PROBLEM REQUIREMENTS: Which lines in the records below contain the word "then"? Copy each one out.

THE INPUT:
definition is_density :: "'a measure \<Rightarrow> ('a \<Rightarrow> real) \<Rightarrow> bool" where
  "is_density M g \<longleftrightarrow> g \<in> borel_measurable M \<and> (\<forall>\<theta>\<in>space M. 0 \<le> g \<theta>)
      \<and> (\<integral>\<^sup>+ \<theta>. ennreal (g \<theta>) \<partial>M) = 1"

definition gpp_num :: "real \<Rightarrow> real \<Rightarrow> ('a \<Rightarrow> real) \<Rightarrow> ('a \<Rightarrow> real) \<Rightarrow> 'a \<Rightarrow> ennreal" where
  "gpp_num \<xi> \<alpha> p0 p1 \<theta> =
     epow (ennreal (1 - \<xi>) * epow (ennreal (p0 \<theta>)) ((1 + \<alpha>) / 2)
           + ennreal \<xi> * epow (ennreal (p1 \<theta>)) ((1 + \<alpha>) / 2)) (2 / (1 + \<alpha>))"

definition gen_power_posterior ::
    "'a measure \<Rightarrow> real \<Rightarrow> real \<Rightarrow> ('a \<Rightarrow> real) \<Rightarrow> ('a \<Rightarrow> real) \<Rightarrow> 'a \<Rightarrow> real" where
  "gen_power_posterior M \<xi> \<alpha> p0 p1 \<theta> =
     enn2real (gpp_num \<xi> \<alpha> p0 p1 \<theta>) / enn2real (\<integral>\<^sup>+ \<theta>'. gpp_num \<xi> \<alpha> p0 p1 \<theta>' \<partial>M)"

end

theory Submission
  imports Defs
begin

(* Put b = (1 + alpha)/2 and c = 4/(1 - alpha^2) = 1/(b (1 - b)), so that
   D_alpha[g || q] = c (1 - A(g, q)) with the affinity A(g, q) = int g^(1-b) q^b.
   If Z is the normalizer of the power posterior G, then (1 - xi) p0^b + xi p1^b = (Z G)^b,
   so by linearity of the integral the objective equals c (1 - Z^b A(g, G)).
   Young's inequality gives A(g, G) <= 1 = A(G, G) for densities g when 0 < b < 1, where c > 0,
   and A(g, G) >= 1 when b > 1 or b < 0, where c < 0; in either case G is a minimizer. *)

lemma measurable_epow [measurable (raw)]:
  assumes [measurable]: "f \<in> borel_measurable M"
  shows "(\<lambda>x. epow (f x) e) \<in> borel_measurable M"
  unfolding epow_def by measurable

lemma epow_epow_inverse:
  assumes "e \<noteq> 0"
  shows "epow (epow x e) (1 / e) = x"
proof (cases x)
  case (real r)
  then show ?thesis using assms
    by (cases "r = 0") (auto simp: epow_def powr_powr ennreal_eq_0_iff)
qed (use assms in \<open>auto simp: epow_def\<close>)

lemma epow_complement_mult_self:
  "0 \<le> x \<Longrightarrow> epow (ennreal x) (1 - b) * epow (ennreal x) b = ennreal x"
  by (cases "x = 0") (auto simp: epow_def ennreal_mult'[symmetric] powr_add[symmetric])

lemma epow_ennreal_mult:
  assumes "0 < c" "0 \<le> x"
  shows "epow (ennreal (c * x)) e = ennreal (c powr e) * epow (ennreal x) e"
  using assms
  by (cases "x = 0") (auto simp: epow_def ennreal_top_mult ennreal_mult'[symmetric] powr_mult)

RESPONSE FOR THIS EXERCISE:
   If Z is the normalizer of the power posterior G, then (1 - xi) p0^b + xi p1^b = (Z G)^b,
  then show ?thesis using assms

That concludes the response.